Task description: Look for the word "Defs" in the entries and copy each line where it appears.

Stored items
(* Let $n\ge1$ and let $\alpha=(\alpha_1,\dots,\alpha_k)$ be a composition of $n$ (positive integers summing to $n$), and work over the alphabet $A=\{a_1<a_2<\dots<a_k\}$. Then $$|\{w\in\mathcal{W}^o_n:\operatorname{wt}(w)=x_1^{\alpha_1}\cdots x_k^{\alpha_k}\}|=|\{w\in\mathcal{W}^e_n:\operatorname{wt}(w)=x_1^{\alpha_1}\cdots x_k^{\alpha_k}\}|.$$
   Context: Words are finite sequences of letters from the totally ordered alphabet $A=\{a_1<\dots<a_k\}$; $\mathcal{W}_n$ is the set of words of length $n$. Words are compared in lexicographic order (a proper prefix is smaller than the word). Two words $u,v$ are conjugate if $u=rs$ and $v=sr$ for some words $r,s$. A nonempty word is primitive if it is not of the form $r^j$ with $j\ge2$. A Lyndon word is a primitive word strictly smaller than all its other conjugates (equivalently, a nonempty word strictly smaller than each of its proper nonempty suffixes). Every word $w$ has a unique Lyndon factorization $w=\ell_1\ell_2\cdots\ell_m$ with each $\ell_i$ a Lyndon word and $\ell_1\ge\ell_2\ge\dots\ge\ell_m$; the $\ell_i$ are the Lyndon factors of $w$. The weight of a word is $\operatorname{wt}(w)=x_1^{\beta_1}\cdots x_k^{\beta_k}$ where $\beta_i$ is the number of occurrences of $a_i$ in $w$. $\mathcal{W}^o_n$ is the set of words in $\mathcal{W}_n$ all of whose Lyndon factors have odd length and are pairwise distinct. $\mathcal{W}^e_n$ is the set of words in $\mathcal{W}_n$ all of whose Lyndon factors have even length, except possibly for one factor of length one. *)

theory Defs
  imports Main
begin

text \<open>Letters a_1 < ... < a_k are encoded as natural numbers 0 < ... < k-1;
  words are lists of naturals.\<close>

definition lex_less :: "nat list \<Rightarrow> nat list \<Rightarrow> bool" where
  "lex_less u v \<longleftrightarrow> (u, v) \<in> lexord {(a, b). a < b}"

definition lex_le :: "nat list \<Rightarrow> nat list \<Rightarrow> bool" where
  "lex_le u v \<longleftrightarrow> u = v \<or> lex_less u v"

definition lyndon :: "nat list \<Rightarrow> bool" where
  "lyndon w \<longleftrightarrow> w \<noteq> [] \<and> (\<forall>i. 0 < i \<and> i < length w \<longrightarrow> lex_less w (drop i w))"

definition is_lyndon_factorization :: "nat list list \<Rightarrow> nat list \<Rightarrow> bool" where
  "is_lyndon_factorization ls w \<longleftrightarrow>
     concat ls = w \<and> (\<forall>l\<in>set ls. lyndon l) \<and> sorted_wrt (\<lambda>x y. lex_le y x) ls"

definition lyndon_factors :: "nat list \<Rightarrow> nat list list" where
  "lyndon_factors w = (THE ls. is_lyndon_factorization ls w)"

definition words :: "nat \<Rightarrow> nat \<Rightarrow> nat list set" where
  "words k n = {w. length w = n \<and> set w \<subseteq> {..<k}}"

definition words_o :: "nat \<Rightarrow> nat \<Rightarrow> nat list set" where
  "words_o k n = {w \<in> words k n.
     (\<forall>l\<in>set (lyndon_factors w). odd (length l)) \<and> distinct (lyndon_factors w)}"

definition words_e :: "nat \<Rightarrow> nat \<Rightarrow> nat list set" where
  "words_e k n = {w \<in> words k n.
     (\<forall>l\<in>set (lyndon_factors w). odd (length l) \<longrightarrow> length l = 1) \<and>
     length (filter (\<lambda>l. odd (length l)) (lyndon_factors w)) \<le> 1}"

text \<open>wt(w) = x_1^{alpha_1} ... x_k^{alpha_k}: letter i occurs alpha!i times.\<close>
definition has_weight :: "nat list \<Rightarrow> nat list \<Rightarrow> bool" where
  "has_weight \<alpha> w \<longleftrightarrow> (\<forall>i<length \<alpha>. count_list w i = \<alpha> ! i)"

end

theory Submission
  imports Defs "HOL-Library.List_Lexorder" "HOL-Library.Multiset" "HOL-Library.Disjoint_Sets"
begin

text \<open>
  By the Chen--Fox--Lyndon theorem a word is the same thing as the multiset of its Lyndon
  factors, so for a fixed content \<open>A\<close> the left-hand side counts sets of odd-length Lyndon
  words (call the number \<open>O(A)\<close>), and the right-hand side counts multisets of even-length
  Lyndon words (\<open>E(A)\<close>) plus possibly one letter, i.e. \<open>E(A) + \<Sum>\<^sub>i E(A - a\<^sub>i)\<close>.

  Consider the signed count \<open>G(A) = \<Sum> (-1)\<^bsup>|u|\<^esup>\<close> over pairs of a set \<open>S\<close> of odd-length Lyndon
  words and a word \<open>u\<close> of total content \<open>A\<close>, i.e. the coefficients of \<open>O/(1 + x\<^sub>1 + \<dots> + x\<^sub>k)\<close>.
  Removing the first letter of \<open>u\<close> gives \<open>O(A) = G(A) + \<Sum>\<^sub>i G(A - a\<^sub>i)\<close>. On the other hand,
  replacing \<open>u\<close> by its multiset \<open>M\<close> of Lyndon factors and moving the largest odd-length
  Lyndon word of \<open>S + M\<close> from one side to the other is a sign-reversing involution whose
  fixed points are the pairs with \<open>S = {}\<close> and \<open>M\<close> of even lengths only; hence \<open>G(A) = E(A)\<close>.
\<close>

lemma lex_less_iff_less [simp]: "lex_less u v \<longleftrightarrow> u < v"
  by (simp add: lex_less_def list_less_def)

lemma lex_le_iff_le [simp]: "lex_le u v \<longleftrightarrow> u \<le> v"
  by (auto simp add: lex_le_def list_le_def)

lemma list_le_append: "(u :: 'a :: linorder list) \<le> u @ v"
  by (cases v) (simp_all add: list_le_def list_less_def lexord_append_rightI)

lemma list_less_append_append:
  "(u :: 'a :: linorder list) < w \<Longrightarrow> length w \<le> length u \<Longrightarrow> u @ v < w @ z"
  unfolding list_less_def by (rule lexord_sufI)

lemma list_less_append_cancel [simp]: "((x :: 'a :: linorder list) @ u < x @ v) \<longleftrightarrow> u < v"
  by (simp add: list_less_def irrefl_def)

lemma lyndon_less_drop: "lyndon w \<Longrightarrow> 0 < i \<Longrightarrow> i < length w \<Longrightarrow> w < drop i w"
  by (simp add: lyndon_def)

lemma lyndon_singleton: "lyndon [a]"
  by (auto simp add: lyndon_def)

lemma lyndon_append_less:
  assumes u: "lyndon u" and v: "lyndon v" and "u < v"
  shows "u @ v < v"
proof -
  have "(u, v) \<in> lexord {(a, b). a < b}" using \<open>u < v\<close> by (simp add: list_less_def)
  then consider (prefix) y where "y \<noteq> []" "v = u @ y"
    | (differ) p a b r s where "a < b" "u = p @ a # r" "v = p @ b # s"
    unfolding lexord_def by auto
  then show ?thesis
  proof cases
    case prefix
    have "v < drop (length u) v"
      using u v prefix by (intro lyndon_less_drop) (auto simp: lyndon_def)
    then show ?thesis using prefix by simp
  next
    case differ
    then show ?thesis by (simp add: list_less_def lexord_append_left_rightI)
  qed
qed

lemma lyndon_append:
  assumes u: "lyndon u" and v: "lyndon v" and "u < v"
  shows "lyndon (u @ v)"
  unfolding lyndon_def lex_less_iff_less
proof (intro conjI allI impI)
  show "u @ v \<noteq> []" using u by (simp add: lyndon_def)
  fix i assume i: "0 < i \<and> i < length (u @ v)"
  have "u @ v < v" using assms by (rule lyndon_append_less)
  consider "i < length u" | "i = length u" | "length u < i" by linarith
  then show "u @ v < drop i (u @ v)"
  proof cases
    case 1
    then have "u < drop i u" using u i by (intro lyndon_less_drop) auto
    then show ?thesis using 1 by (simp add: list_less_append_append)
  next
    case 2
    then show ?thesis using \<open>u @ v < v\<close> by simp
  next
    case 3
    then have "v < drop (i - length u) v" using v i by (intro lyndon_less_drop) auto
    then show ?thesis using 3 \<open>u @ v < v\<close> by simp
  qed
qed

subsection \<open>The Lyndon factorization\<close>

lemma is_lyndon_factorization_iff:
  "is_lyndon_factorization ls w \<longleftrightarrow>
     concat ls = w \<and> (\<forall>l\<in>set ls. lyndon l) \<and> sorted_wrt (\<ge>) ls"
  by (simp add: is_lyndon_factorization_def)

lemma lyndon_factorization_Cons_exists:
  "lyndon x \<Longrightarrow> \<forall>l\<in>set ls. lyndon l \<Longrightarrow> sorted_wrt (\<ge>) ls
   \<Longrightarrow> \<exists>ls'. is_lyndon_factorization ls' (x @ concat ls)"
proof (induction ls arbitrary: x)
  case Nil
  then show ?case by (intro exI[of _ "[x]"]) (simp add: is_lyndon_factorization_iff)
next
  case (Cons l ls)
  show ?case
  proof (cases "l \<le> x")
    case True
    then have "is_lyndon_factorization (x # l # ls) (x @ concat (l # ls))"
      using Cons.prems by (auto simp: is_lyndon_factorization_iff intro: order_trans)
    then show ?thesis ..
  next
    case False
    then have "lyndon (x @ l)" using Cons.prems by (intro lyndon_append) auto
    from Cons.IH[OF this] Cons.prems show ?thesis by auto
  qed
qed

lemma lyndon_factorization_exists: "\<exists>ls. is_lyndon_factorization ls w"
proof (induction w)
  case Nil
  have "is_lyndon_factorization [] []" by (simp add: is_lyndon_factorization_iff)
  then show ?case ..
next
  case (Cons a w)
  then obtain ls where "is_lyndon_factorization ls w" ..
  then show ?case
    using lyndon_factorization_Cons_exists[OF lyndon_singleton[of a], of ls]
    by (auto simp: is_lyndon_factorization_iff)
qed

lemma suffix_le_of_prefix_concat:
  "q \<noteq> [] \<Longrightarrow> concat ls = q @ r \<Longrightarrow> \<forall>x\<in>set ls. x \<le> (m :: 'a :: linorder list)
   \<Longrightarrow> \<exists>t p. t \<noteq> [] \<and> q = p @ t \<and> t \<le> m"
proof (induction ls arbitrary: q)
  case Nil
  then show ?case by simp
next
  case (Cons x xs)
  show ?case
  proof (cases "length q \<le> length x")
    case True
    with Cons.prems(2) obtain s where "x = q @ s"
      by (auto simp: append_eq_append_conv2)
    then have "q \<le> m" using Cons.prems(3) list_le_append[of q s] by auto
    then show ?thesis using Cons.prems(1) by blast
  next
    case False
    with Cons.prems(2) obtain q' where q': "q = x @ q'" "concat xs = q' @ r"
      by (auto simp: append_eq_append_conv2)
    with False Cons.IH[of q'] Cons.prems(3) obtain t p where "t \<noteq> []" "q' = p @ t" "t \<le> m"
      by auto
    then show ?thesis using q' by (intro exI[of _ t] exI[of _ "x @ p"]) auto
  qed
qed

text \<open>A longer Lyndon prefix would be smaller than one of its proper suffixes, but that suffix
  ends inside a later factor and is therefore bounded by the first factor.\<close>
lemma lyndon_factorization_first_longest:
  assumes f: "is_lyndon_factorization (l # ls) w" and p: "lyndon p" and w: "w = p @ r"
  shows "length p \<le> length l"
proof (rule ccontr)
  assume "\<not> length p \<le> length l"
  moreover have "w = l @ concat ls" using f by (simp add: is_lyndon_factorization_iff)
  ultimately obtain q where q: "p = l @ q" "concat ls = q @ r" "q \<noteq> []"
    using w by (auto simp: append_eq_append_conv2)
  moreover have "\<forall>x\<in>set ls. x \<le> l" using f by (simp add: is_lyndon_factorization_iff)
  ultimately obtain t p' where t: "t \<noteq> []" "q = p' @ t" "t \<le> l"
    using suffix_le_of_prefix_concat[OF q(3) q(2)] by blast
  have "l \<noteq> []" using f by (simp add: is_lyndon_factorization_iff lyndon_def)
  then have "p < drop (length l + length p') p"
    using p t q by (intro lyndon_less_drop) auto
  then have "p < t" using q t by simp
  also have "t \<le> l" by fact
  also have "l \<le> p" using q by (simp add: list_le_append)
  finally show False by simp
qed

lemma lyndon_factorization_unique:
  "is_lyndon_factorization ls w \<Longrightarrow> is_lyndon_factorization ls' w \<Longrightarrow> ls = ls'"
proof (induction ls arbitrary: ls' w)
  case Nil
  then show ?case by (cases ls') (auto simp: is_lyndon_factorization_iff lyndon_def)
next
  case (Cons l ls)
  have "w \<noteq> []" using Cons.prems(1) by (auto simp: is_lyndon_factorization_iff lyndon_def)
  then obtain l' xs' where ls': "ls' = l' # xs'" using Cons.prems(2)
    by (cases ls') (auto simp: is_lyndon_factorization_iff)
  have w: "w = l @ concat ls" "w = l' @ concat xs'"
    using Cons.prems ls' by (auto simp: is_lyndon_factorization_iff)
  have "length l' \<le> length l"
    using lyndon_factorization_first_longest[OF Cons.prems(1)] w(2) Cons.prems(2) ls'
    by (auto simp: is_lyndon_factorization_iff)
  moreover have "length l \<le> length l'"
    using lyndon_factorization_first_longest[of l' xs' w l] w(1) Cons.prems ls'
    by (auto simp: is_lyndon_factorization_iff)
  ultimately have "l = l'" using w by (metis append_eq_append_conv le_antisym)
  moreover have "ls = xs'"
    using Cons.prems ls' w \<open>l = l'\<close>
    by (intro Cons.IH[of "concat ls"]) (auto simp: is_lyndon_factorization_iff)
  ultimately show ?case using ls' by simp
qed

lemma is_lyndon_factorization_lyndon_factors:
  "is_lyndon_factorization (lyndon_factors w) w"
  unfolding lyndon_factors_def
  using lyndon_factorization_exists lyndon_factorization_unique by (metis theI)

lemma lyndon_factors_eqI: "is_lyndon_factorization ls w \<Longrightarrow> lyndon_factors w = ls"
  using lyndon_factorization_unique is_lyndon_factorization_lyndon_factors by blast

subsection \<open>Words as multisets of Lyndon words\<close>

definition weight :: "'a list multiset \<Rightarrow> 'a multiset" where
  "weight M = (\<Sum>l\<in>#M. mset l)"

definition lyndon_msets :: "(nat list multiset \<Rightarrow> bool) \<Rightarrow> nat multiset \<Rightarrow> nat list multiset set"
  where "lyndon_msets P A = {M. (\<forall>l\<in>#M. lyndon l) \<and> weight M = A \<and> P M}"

Expected answer:
theory Defs
  imports Defs "HOL-Library.List_Lexorder" "HOL-Library.Multiset" "HOL-Library.Disjoint_Sets"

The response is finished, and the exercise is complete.